Wartawan Senior: Pesimis Membersihkan Polri Siapapun Kapolrinya

Catatan: Naniek S Deyang (Eks Wartawan Senior Investigasi)*

Gak sengaja saya nonton tayangan yang memperlihatkan dalam rumah Sambo yang demikian mewah. Di sebuah lorong dibuat etalase untuk menaruh tas-tas mahal dan mewah.

Etalasenya sangat besar, kiri-kanan dimana di dalamnya terpajang tas-tas branded dengan diberi lampu pada setiap kotaknya. Persis sepeti di butik-butik papan atas.

Baru dua tahun jadi Kadiv Propam, di salah satu rumahnya di Saguling rumah Sambo sangat mewah dan penuh barang-barang mahal. Belum lagi di empat rumah pribadi lainnya.

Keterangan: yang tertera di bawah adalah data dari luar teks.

(* Let $P$ be a finite graded poset with $\hat0$ and let $\lambda$ be an ER-labeling of $P$ satisfying the rank two switching property and the braid relation. Then for every interval $[x,y]$ of $P$, each connected component of the graph $G_{[x,y]}$ contains a unique sink, i.e., a unique ascent-free maximal chain of $[x,y]$.
   Context: An E-labeling of $P$ is a map $\lambda$ from the set of cover relations $x\lessdot y$ of $P$ to a poset $\Lambda$. The word of labels of a saturated chain $x_0\lessdot x_1\lessdot\cdots\lessdot x_\ell$ is $\lambda(x_0\lessdot x_1)\cdots\lambda(x_{\ell-1}\lessdot x_\ell)$; the chain is increasing if this word is strictly increasing in $\Lambda$, and ascent-free if there is no $i$ with $\lambda(x_{i-1}\lessdot x_i)<\lambda(x_i\lessdot x_{i+1})$. $\lambda$ is an ER-labeling if every closed interval has exactly one increasing maximal chain. $\lambda$ has the rank two switching property if for every saturated chain $\hat0=x_0\lessdot\cdots\lessdot x_k$ and every $i$ with $\lambda(x_{i-1}\lessdot x_i)<\lambda(x_i\lessdot x_{i+1})$ there is a unique element $x_i'$ with $x_{i-1}\lessdot x_i'\lessdot x_{i+1}$, $\lambda(x_{i-1}\lessdot x_i')=\lambda(x_i\lessdot x_{i+1})$ and $\lambda(x_i'\lessdot x_{i+1})=\lambda(x_{i-1}\lessdot x_i)$. For a maximal chain $\mathbf c$ of an interval $[x,y]$ with an ascent at rank position $i$, the quadratic exchange $U_i(\mathbf c)$ replaces $x_i$ by this $x_i'$; if there is no ascent at position $i$, $U_i(\mathbf c)=\mathbf c$. $G_{[x,y]}$ is the directed graph on the maximal chains of $[x,y]$ with an edge $\mathbf c\to U_i(\mathbf c)$ whenever $U_i(\mathbf c)\neq\mathbf c$; a sink is a vertex of outdegree $0$. The braid relation holds if for every maximal chain $\mathbf c$ of any interval with $\lambda(x_{i-1}\lessdot x_i)<\lambda(x_i\lessdot x_{i+1})<\lambda(x_{i+1}\lessdot x_{i+2})$ we have $U_iU_{i+1}U_i(\mathbf c)=U_{i+1}U_iU_{i+1}(\mathbf c)$. *)

theory Defs
  imports Main
begin

text \<open>A poset is a finite carrier set P inside a type with a partial order.
  Chains are represented as lists of elements.\<close>

definition cov :: "'a::order set \<Rightarrow> 'a \<Rightarrow> 'a \<Rightarrow> bool" where
  "cov P x y \<longleftrightarrow> x \<in> P \<and> y \<in> P \<and> x < y \<and> \<not> (\<exists>z\<in>P. x < z \<and> z < y)"

definition sat_chain :: "'a::order set \<Rightarrow> 'a list \<Rightarrow> bool" where
  "sat_chain P c \<longleftrightarrow> c \<noteq> [] \<and> (\<forall>i. Suc i < length c \<longrightarrow> cov P (c ! i) (c ! Suc i))"

definition maxchain :: "'a::order set \<Rightarrow> 'a \<Rightarrow> 'a \<Rightarrow> 'a list \<Rightarrow> bool" where
  "maxchain P x y c \<longleftrightarrow> sat_chain P c \<and> hd c = x \<and> last c = y"

definition graded_with_bot :: "'a::order set \<Rightarrow> 'a \<Rightarrow> bool" where
  "graded_with_bot P zero \<longleftrightarrow> finite P \<and> zero \<in> P \<and> (\<forall>x\<in>P. zero \<le> x) \<and>
     (\<exists>n. \<forall>c. sat_chain P c \<and> hd c = zero \<and> (\<forall>z\<in>P. \<not> last c < z) \<longrightarrow> length c = n)"

text \<open>Word of labels of a chain; the labeling lam is only evaluated on covers.\<close>
definition label_word :: "('a \<Rightarrow> 'a \<Rightarrow> 'l) \<Rightarrow> 'a list \<Rightarrow> 'l list" where
  "label_word lam c = map (\<lambda>i. lam (c ! i) (c ! Suc i)) [0..<length c - 1]"

definition increasing_chain :: "('a \<Rightarrow> 'a \<Rightarrow> 'l::order) \<Rightarrow> 'a list \<Rightarrow> bool" where
  "increasing_chain lam c \<longleftrightarrow> sorted_wrt (<) (label_word lam c)"

definition ascent_free :: "('a \<Rightarrow> 'a \<Rightarrow> 'l::order) \<Rightarrow> 'a list \<Rightarrow> bool" where
  "ascent_free lam c \<longleftrightarrow>
     (\<forall>i. Suc i < length (label_word lam c) \<longrightarrow> \<not> (label_word lam c ! i < label_word lam c ! Suc i))"

definition ascent_at :: "('a \<Rightarrow> 'a \<Rightarrow> 'l::order) \<Rightarrow> 'a list \<Rightarrow> nat \<Rightarrow> bool" where
  "ascent_at lam c i \<longleftrightarrow> 1 \<le> i \<and> Suc i < length c \<and>
     lam (c ! (i - 1)) (c ! i) < lam (c ! i) (c ! Suc i)"

definition ER_labeling :: "'a::order set \<Rightarrow> ('a \<Rightarrow> 'a \<Rightarrow> 'l::order) \<Rightarrow> bool" where
  "ER_labeling P lam \<longleftrightarrow>
     (\<forall>x\<in>P. \<forall>y\<in>P. x \<le> y \<longrightarrow> (\<exists>!c. maxchain P x y c \<and> increasing_chain lam c))"

definition switch_elem :: "'a::order set \<Rightarrow> ('a \<Rightarrow> 'a \<Rightarrow> 'l) \<Rightarrow> 'a \<Rightarrow> 'a \<Rightarrow> 'a \<Rightarrow> 'a \<Rightarrow> bool" where
  "switch_elem P lam a b d x' \<longleftrightarrow> cov P a x' \<and> cov P x' d \<and>
     lam a x' = lam b d \<and> lam x' d = lam a b"
(* For all integers $m\ge1$, $n>2m$ and all $\sigma_1^2,\dots,\sigma_n^2>0$, letting $L\subset G^{r}$ with $|L|=2m$ consist of $2m$ arms of $G^{r}$ with the largest variances, we have $\frac{\sum_{i\in L}\sigma_i^2}{\sum_{j\in G^{r}}\sigma_j^2}\ge\frac13$ and \[ \Big(1-\frac{\sum_{i\in L}\sigma_i^2}{\sum_{j\in G^{r}}\sigma_j^2}\Big)\ln(m)\le 4\,\mathrm{Ent}(\sigma^2_L). \]
   Context: For a positive vector $a$, $\mathrm{Ent}(a)=-\sum_i\hat a_i\ln\hat a_i$ with $\hat a_i=a_i/\sum_ja_j$; $\sigma^2_S=(\sigma_i^2)_{i\in S}$. Let $\underline\sigma^2=\min_i\sigma_i^2$, $G_j=\{i\in[n]:2^{j-1}\le\sigma_i^2/\underline\sigma^2<2^j\}$ for $j=1,\dots,k$ covering $[n]$. $G'_j=G_j$ if $|G_j|\le2m$, otherwise $G'_j\subset G_j$ with $|G'_j|=2m$; $G^{r}=\bigcup_jG'_j$, the choices made to maximize $\mathrm{Ent}(\sigma^2_{G^{r}})$. *)

theory Defs
  imports Complex_Main
begin

definition Ent :: "(nat \<Rightarrow> real) \<Rightarrow> nat set \<Rightarrow> real" where
  "Ent a S = - (\<Sum>i\<in>S. (a i / (\<Sum>j\<in>S. a j)) * ln (a i / (\<Sum>j\<in>S. a j)))"

definition min_var :: "nat \<Rightarrow> (nat \<Rightarrow> real) \<Rightarrow> real" where
  "min_var n s = Min (s ` {1..n})"

definition grp :: "nat \<Rightarrow> (nat \<Rightarrow> real) \<Rightarrow> nat \<Rightarrow> nat set" where
  "grp n s j = {i \<in> {1..n}. 2 ^ (j - 1) \<le> s i / min_var n s \<and> s i / min_var n s < 2 ^ j}"
lemma pairing_bracket_D:
  assumes lie: "color_hom_lie sL G br \<alpha> \<epsilon>"
    and mult: "multiplicative br \<alpha>"
    and quad: "quadratic_form sL G br \<alpha> \<epsilon> B"
    and rep: "representation sL G br \<alpha> \<epsilon> sM GM \<rho> \<beta>"
    and \<alpha>_inv: "\<And>x. \<alpha> (\<alpha> x) = x" and \<beta>_inv: "\<And>m. \<beta> (\<beta> m) = m"
    and D_pairing: "\<And>a b c x m f. x \<in> G a \<Longrightarrow> m \<in> GM b \<Longrightarrow> dual_hom sM GM c f \<Longrightarrow>
                  B x (D m f) = \<epsilon> (a + b) c * f (\<rho> (\<alpha> x) m)"
    and x: "x \<in> G a" and m: "m \<in> GM b" and f: "dual_hom sM GM c f" and y: "y \<in> G d"
  shows "B y (br x (D m f))
       = B y (D (\<rho> x m) (beta_t \<beta> f)) + \<epsilon> a b * B y (D (\<beta> m) (rho_t \<epsilon> \<rho> a c x f))"
proof -
  have f_linear: "module_hom sM (*) f"
    using f unfolding dual_hom_def module_hom_iff_linear by blast
  have f\<beta>: "dual_hom sM GM c (beta_t \<beta> f)" and f\<rho>: "dual_hom sM GM (a + c) (rho_t \<epsilon> \<rho> a c x f)"
    using dual_hom_beta_t[OF rep f] dual_hom_rho_t[OF rep x f] by blast+
  define u where "u = f (\<rho> y (\<rho> (\<alpha> x) (\<beta> m)))"
  define v where "v = f (\<rho> x (\<rho> (\<alpha> y) (\<beta> m)))"
  have "\<rho> (\<alpha> (br y x)) m = \<rho> (br (\<alpha> y) (\<alpha> x)) (\<beta> (\<beta> m))"
    using mult \<beta>_inv unfolding multiplicative_def by simp
  also have "\<dots> = \<rho> y (\<rho> (\<alpha> x) (\<beta> m)) - sM (\<epsilon> d a) (\<rho> x (\<rho> (\<alpha> y) (\<beta> m)))"
    using representation_bracket[OF rep color_hom_lie_twist_homogeneous[OF lie y]
        color_hom_lie_twist_homogeneous[OF lie x]] \<alpha>_inv by simp
  finally have "f (\<rho> (\<alpha> (br y x)) m) = u - \<epsilon> d a * v"
    unfolding u_def v_def using module_hom.diff[OF f_linear] module_hom.scale[OF f_linear] by simp
  then have lhs: "B y (br x (D m f)) = \<epsilon> (d + a + b) c * (u - \<epsilon> d a * v)"
    using quadratic_form_invariant[OF quad] D_pairing[OF color_hom_lie_bracket_homogeneous[OF lie y x] m f]
    by simp
  have "B y (D (\<rho> x m) (beta_t \<beta> f)) = \<epsilon> (d + (a + b)) c * beta_t \<beta> f (\<rho> (\<alpha> y) (\<rho> x m))"
    using D_pairing[OF y representation_homogeneous[OF rep x m] f\<beta>] .
  also have "beta_t \<beta> f (\<rho> (\<alpha> y) (\<rho> x m)) = u"
    unfolding beta_t_def u_def using representation_twist_commute[OF rep] \<alpha>_inv by simp
  finally have D\<^sub>1: "B y (D (\<rho> x m) (beta_t \<beta> f)) = \<epsilon> (d + a + b) c * u"
    by (simp add: add.assoc)
  have D\<^sub>2: "B y (D (\<beta> m) (rho_t \<epsilon> \<rho> a c x f)) = \<epsilon> (d + b) (a + c) * - (\<epsilon> a c * v)"
    using D_pairing[OF y representation_twist_homogeneous[OF rep m] f\<rho>] unfolding rho_t_def v_def by simp
  show ?thesis
    unfolding lhs D\<^sub>1 D\<^sub>2 using bichar_exchange[OF color_hom_lie_bichar[OF lie], of d a b c]
    by (simp add: algebra_simps)
qed

theorem mainTheorem13:
  fixes sL :: "'k::field_char_0 \<Rightarrow> 'L::ab_group_add \<Rightarrow> 'L"
    and G :: "'g::ab_group_add \<Rightarrow> 'L set"
    and br :: "'L \<Rightarrow> 'L \<Rightarrow> 'L" and \<alpha> :: "'L \<Rightarrow> 'L"
    and \<epsilon> :: "'g \<Rightarrow> 'g \<Rightarrow> 'k" and B :: "'L \<Rightarrow> 'L \<Rightarrow> 'k"
    and sM :: "'k \<Rightarrow> 'M::ab_group_add \<Rightarrow> 'M" and GM :: "'g \<Rightarrow> 'M set"
    and \<rho> :: "'L \<Rightarrow> 'M \<Rightarrow> 'M" and \<beta> :: "'M \<Rightarrow> 'M"
    and D :: "'M \<Rightarrow> ('M \<Rightarrow> 'k) \<Rightarrow> 'L"
  assumes lie: "color_hom_lie sL G br \<alpha> \<epsilon>"
    and mult: "multiplicative br \<alpha>"
    and quad: "quadratic_form sL G br \<alpha> \<epsilon> B"
    and rep: "representation sL G br \<alpha> \<epsilon> sM GM \<rho> \<beta>"
    and alpha_inv: "\<forall>x. \<alpha> (\<alpha> x) = x"
    and beta_inv: "\<forall>m. \<beta> (\<beta> m) = m"
    and dual_rep: "dual_representation sL G br \<alpha> \<epsilon> sM GM \<rho> \<beta>"
    and D_def: "\<forall>a b c x m f. x \<in> G a \<longrightarrow> m \<in> GM b \<longrightarrow> dual_hom sM GM c f \<longrightarrow>
                  B x (D m f) = \<epsilon> (a + b) c * f (\<rho> (\<alpha> x) m)"
    and D_even: "\<forall>b c m f. m \<in> GM b \<longrightarrow> dual_hom sM GM c f \<longrightarrow> D m f \<in> G (b + c)"
    and D_lin_m: "\<forall>c f. dual_hom sM GM c f \<longrightarrow> Vector_Spaces.linear sM sL (\<lambda>m. D m f)"
    and D_add_f: "\<forall>m c c' f g. dual_hom sM GM c f \<longrightarrow> dual_hom sM GM c' g \<longrightarrow>
                    D m (\<lambda>n. f n + g n) = D m f + D m g"
    and D_scale_f: "\<forall>m c f k. dual_hom sM GM c f \<longrightarrow> D m (\<lambda>n. k * f n) = sL k (D m f)"
    and x_hom: "x \<in> G a" and m_hom: "m \<in> GM b" and f_hom: "dual_hom sM GM c f"
  shows "br x (D m f) = D (\<rho> x m) (beta_t \<beta> f) + sL (\<epsilon> a b) (D (\<beta> m) (rho_t \<epsilon> \<rho> a c x f))"
proof -
  define \<Delta> where
    "\<Delta> = br x (D m f) - D (\<rho> x m) (beta_t \<beta> f) - sL (\<epsilon> a b) (D (\<beta> m) (rho_t \<epsilon> \<rho> a c x f))"
  have "\<Delta> \<in> G (a + b + c)"
    unfolding \<Delta>_def
  proof (rule graded_space_homogeneous_diff_scale[OF color_hom_lie_graded[OF lie]])
    show "br x (D m f) \<in> G (a + b + c)"
      using color_hom_lie_bracket_homogeneous[OF lie x_hom] D_even m_hom f_hom by (simp add: add.assoc)
    show "D (\<rho> x m) (beta_t \<beta> f) \<in> G (a + b + c)"
      using D_even representation_homogeneous[OF rep x_hom m_hom] dual_hom_beta_t[OF rep f_hom] by blast
    show "D (\<beta> m) (rho_t \<epsilon> \<rho> a c x f) \<in> G (a + b + c)"
      using D_even representation_twist_homogeneous[OF rep m_hom] dual_hom_rho_t[OF rep x_hom f_hom]
      by (metis add.commute add.left_commute)
  qed
  moreover have "B y \<Delta> = 0" if "y \<in> G d" for y d
    using pairing_bracket_D[OF lie mult quad rep alpha_inv[rule_format] beta_inv[rule_format]
        D_def[rule_format] x_hom m_hom f_hom that]
      module_hom.diff[OF quadratic_form_linear_right[OF quad]]
      module_hom.scale[OF quadratic_form_linear_right[OF quad]]
    unfolding \<Delta>_def by simp
  ultimately have "\<Delta> = 0"
    by (rule quadratic_form_homogeneous_eq_0[OF color_hom_lie_graded[OF lie] quad])
  then show ?thesis unfolding \<Delta>_def by (simp add: algebra_simps)
qed

end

Saya tercenung sangat lama, bahkan cenderung tidak menemukan solusi, bagaimana membersihkan lembaga kepolisian, bila oknum Jenderal (mungkin oknum banyak) berlaku justru bukan menegakkan hukum tapi menjadi pelanggar hukum.

Dulu berpikir Kapolri bisa mengatasi ini? Tapi melihat perkembangan dalam kasus Sambo, mereka yang ada di Satgassus dengan segala perannya dll, mohon maaf saya gak yakin seorang Kapolri, bahkan mau Kapolrinya siapapun rasanya sulit untuk menegakkan benang basah di tubuh Kepolisian Republik Indonesia.

Bagus juga usulan Pak Dahlan Iskan, struktur kepolisian di Indonesia, jangan ada Kapolri dan Kapolda, status tertinggi Kapolres saja. Tiap Kapolres punya otoritas penuh di wilayahnya. Nah siapa yang memilih Kapolres, tinggal induk yang memayungi, bisa Depdagri, Kemhan, Panglima TNI , atau Menkumham. (Atau dipilih langsung oleh rakyat seperti usul Dahlan Iskan meniru Kepolisian di AS -red).